lemma Wsem_gseq: "Wsem (gseq C D) i = semcomp (Wsem C) (Wsem D) i"
proof -
  have "Wsem (gseq C D) i = run_value (continue_run (run_from C (En i)))"
    by (simp add: Wsem_eq_run_value run_from_gseq seq_run_def)
  also have "\<dots> = semcomp (Wsem C) (Wsem D) i"
  proof (cases "run_from C (En i)" rule: run_value.cases)
    case (1 ps k)
    show ?thesis
    proof (cases "run_from D (En k)" rule: run_value.cases)
      case (3 ws)
      then have "Bseq ws" using Bseq_run_from[OF wf_D det_D] by blast
      then show ?thesis using 1 3
        by (simp add: Wsem_eq_run_value semcomp_def continue_run_def prepend_run_Loops mean_nonneg_prepend)
    qed (use 1 in \<open>auto simp: Wsem_eq_run_value semcomp_def continue_run_def prepend_run_Ends
      split: tval.splits\<close>)
  qed (auto simp: Wsem_eq_run_value semcomp_def continue_run_def split: tval.splits)
  finally show ?thesis .
qed

end

lemma run_from_Exit_edge:
  assumes wf: "well_formed G" and det: "deterministic G"
  shows "run_from G s = Ends ps (Exit x) \<Longrightarrow> \<not> is_exit s \<Longrightarrow>
    \<exists>p. (p, Ex x) \<in> edges G \<and> (ps = [] \<longrightarrow> p = s) \<and> (ps \<noteq> [] \<longrightarrow> (\<exists>q. p = Po q))"
proof (induction ps arbitrary: s)
  case Nil
  from wf det show ?case
  proof (cases rule: run_from_cases[of G s])
    case halt
    then show ?thesis using Nil by (cases s) (auto simp: terminal_at_def)
  next
    case (exit j)
    then show ?thesis using Nil next_node_edge[OF det exit(1)] by auto
  next
    case (pos q)
    then show ?thesis using Nil by (cases "run_from G (Po q)") auto
  qed
next
  case (Cons p ps)
  from wf det show ?case
  proof (cases rule: run_from_cases[of G s])
    case (pos q)
    then have "run_from G (Po q) = Ends ps (Exit x)"
      using Cons.prems by (cases "run_from G (Po q)") auto
    then show ?thesis using Cons.IH[of "Po q"] by (cases "ps = []") auto
  qed (use Cons.prems in auto)
qed

lemma run_from_Exit_bound:
  assumes "well_formed G" and "deterministic G" and "run_from G s = Ends ps (Exit x)" and "\<not> is_exit s"
  shows "x \<in> {1..ext G}"
  using run_from_Exit_edge[OF assms] well_formed_edge[OF assms(1)] by (fastforce simp: tgts_def)
lemma
  fixes e :: "'k::finite \<Rightarrow> 'm::{finite,wellorder}" and L :: "real^'m::_ \<Rightarrow> real^'m::_"
    and \<rho> :: "complex^'k" and xc :: "real^'k"
  assumes e: "bij e" and L: "linear L" and d: "det (matrix L) \<noteq> 0"
    and neg: "\<And>j. Re (cdot \<rho> (cvec (perm_vec e (L (axis j 1))))) < 0"
  shows integrable_exp_simplicial_cone:
      "(\<lambda>x. exp (cdot \<rho> (cvec (x - xc)))) integrable_on simplicial_cone xc (perm_vec e \<circ> L)"
    and integral_exp_simplicial_cone:
      "integral (simplicial_cone xc (perm_vec e \<circ> L)) (\<lambda>x. exp (cdot \<rho> (cvec (x - xc))))
        = of_real \<bar>det (matrix L)\<bar> * (\<Prod>j\<in>UNIV. - 1 / cdot \<rho> (cvec (perm_vec e (L (axis j 1)))))"
proof -
  define P where "P = simplicial_cone xc (perm_vec e \<circ> L)"
  define F where "F x = exp (cdot \<rho> (cvec (x - xc)))" for x
  define a where "a j = cdot \<rho> (cvec (perm_vec e (L (axis j 1))))" for j
  have [measurable]: "(\<lambda>x::real^'k. x $ i) \<in> borel_measurable borel" for i
    by (intro borel_measurable_continuous_onI continuous_intros)
  have [measurable]: "F \<in> borel_measurable borel"
    unfolding F_def cdot_cvec vector_minus_component by measurable
  have [measurable]: "P \<in> sets borel"
    unfolding P_def by (rule sets_borel_simplicial_cone[OF e L d])
  have hm: "(\<lambda>x. indicator P x *\<^sub>R F x) \<in> borel_measurable borel"
    by measurable
  have h: "indicator P (xc + perm_vec e (L s)) *\<^sub>R F (xc + perm_vec e (L s))
      = indicator {s. \<forall>j. 0 < s $ j} s *\<^sub>R exp (\<Sum>j\<in>UNIV. of_real (s $ j) * a j)" for s
    using cdot_cvec_linear[OF linear_compose[OF L linear_perm_vec], where \<rho>=\<rho> and s=s]
    by (simp add: P_def F_def a_def indicator_def simplicial_cone_mem_iff[OF e L d])
  have "integrable lborel (\<lambda>x. indicator P x *\<^sub>R F x)
      \<longleftrightarrow> integrable lborel (\<lambda>s. indicator P (xc + perm_vec e (L s)) *\<^sub>R F (xc + perm_vec e (L s)))"
    by (rule lborel_integrable_affine_iff[OF e L d hm])
  then have "integrable lborel (\<lambda>x. indicator P x *\<^sub>R F x)"
    unfolding h using integrable_exp_orthant[of a] neg by (simp add: a_def)
  then have si: "set_integrable lborel P F"
    by (simp add: set_integrable_def)
  show "(\<lambda>x. exp (cdot \<rho> (cvec (x - xc)))) integrable_on simplicial_cone xc (perm_vec e \<circ> L)"
    using set_borel_integral_eq_integral(1)[OF si] by (simp add: P_def F_def[abs_def])
  have "integral P F = integral\<^sup>L lborel (\<lambda>x. indicator P x *\<^sub>R F x)"
    using set_borel_integral_eq_integral(2)[OF si] by (simp add: set_lebesgue_integral_def)
  also have "\<dots> = \<bar>det (matrix L)\<bar> *\<^sub>R
      integral\<^sup>L lborel (\<lambda>s. indicator P (xc + perm_vec e (L s)) *\<^sub>R F (xc + perm_vec e (L s)))"
    by (rule lborel_integral_affine[OF e L d hm])
  also have "\<dots> = \<bar>det (matrix L)\<bar> *\<^sub>R (\<Prod>j\<in>UNIV. - 1 / a j)"
    unfolding h using integral_exp_orthant[of a] neg by (simp add: a_def)
  finally show "integral (simplicial_cone xc (perm_vec e \<circ> L)) (\<lambda>x. exp (cdot \<rho> (cvec (x - xc))))
       = of_real \<bar>det (matrix L)\<bar> * (\<Prod>j\<in>UNIV. - 1 / cdot \<rho> (cvec (perm_vec e (L (axis j 1)))))"
    by (simp add: P_def F_def[abs_def] a_def scaleR_conv_of_real)
qed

──────

-- What to do --
Copy all records verbatim.

-- Solved exercise --
lemma Wsem_gseq: "Wsem (gseq C D) i = semcomp (Wsem C) (Wsem D) i"
proof -
  have "Wsem (gseq C D) i = run_value (continue_run (run_from C (En i)))"
    by (simp add: Wsem_eq_run_value run_from_gseq seq_run_def)
  also have "\<dots> = semcomp (Wsem C) (Wsem D) i"
  proof (cases "run_from C (En i)" rule: run_value.cases)
    case (1 ps k)
    show ?thesis
    proof (cases "run_from D (En k)" rule: run_value.cases)
      case (3 ws)
      then have "Bseq ws" using Bseq_run_from[OF wf_D det_D] by blast
      then show ?thesis using 1 3
        by (simp add: Wsem_eq_run_value semcomp_def continue_run_def prepend_run_Loops mean_nonneg_prepend)
    qed (use 1 in \<open>auto simp: Wsem_eq_run_value semcomp_def continue_run_def prepend_run_Ends
      split: tval.splits\<close>)
  qed (auto simp: Wsem_eq_run_value semcomp_def continue_run_def split: tval.splits)
  finally show ?thesis .
qed

end

lemma run_from_Exit_edge:
  assumes wf: "well_formed G" and det: "deterministic G"
  shows "run_from G s = Ends ps (Exit x) \<Longrightarrow> \<not> is_exit s \<Longrightarrow>
    \<exists>p. (p, Ex x) \<in> edges G \<and> (ps = [] \<longrightarrow> p = s) \<and> (ps \<noteq> [] \<longrightarrow> (\<exists>q. p = Po q))"
proof (induction ps arbitrary: s)
  case Nil
  from wf det show ?case
  proof (cases rule: run_from_cases[of G s])
    case halt
    then show ?thesis using Nil by (cases s) (auto simp: terminal_at_def)
  next
    case (exit j)
    then show ?thesis using Nil next_node_edge[OF det exit(1)] by auto
  next
    case (pos q)
    then show ?thesis using Nil by (cases "run_from G (Po q)") auto
  qed
next
  case (Cons p ps)
  from wf det show ?case
  proof (cases rule: run_from_cases[of G s])
    case (pos q)
    then have "run_from G (Po q) = Ends ps (Exit x)"
      using Cons.prems by (cases "run_from G (Po q)") auto
    then show ?thesis using Cons.IH[of "Po q"] by (cases "ps = []") auto
  qed (use Cons.prems in auto)
qed

lemma run_from_Exit_bound:
  assumes "well_formed G" and "deterministic G" and "run_from G s = Ends ps (Exit x)" and "\<not> is_exit s"
  shows "x \<in> {1..ext G}"
  using run_from_Exit_edge[OF assms] well_formed_edge[OF assms(1)] by (fastforce simp: tgts_def)
lemma
  fixes e :: "'k::finite \<Rightarrow> 'm::{finite,wellorder}" and L :: "real^'m::_ \<Rightarrow> real^'m::_"
    and \<rho> :: "complex^'k" and xc :: "real^'k"
  assumes e: "bij e" and L: "linear L" and d: "det (matrix L) \<noteq> 0"
    and neg: "\<And>j. Re (cdot \<rho> (cvec (perm_vec e (L (axis j 1))))) < 0"
  shows integrable_exp_simplicial_cone:
      "(\<lambda>x. exp (cdot \<rho> (cvec (x - xc)))) integrable_on simplicial_cone xc (perm_vec e \<circ> L)"
    and integral_exp_simplicial_cone:
      "integral (simplicial_cone xc (perm_vec e \<circ> L)) (\<lambda>x. exp (cdot \<rho> (cvec (x - xc))))
        = of_real \<bar>det (matrix L)\<bar> * (\<Prod>j\<in>UNIV. - 1 / cdot \<rho> (cvec (perm_vec e (L (axis j 1)))))"
proof -
  define P where "P = simplicial_cone xc (perm_vec e \<circ> L)"
  define F where "F x = exp (cdot \<rho> (cvec (x - xc)))" for x
  define a where "a j = cdot \<rho> (cvec (perm_vec e (L (axis j 1))))" for j
  have [measurable]: "(\<lambda>x::real^'k. x $ i) \<in> borel_measurable borel" for i
    by (intro borel_measurable_continuous_onI continuous_intros)
  have [measurable]: "F \<in> borel_measurable borel"
    unfolding F_def cdot_cvec vector_minus_component by measurable
  have [measurable]: "P \<in> sets borel"
    unfolding P_def by (rule sets_borel_simplicial_cone[OF e L d])
  have hm: "(\<lambda>x. indicator P x *\<^sub>R F x) \<in> borel_measurable borel"
    by measurable
  have h: "indicator P (xc + perm_vec e (L s)) *\<^sub>R F (xc + perm_vec e (L s))
      = indicator {s. \<forall>j. 0 < s $ j} s *\<^sub>R exp (\<Sum>j\<in>UNIV. of_real (s $ j) * a j)" for s
    using cdot_cvec_linear[OF linear_compose[OF L linear_perm_vec], where \<rho>=\<rho> and s=s]
    by (simp add: P_def F_def a_def indicator_def simplicial_cone_mem_iff[OF e L d])
  have "integrable lborel (\<lambda>x. indicator P x *\<^sub>R F x)
      \<longleftrightarrow> integrable lborel (\<lambda>s. indicator P (xc + perm_vec e (L s)) *\<^sub>R F (xc + perm_vec e (L s)))"
    by (rule lborel_integrable_affine_iff[OF e L d hm])
  then have "integrable lborel (\<lambda>x. indicator P x *\<^sub>R F x)"
    unfolding h using integrable_exp_orthant[of a] neg by (simp add: a_def)
  then have si: "set_integrable lborel P F"
    by (simp add: set_integrable_def)
  show "(\<lambda>x. exp (cdot \<rho> (cvec (x - xc)))) integrable_on simplicial_cone xc (perm_vec e \<circ> L)"
    using set_borel_integral_eq_integral(1)[OF si] by (simp add: P_def F_def[abs_def])
  have "integral P F = integral\<^sup>L lborel (\<lambda>x. indicator P x *\<^sub>R F x)"
    using set_borel_integral_eq_integral(2)[OF si] by (simp add: set_lebesgue_integral_def)
  also have "\<dots> = \<bar>det (matrix L)\<bar> *\<^sub>R
      integral\<^sup>L lborel (\<lambda>s. indicator P (xc + perm_vec e (L s)) *\<^sub>R F (xc + perm_vec e (L s)))"
    by (rule lborel_integral_affine[OF e L d hm])
  also have "\<dots> = \<bar>det (matrix L)\<bar> *\<^sub>R (\<Prod>j\<in>UNIV. - 1 / a j)"
    unfolding h using integral_exp_orthant[of a] neg by (simp add: a_def)
  finally show "integral (simplicial_cone xc (perm_vec e \<circ> L)) (\<lambda>x. exp (cdot \<rho> (cvec (x - xc))))
       = of_real \<bar>det (matrix L)\<bar> * (\<Prod>j\<in>UNIV. - 1 / cdot \<rho> (cvec (perm_vec e (L (axis j 1)))))"
    by (simp add: P_def F_def[abs_def] a_def scaleR_conv_of_real)
qed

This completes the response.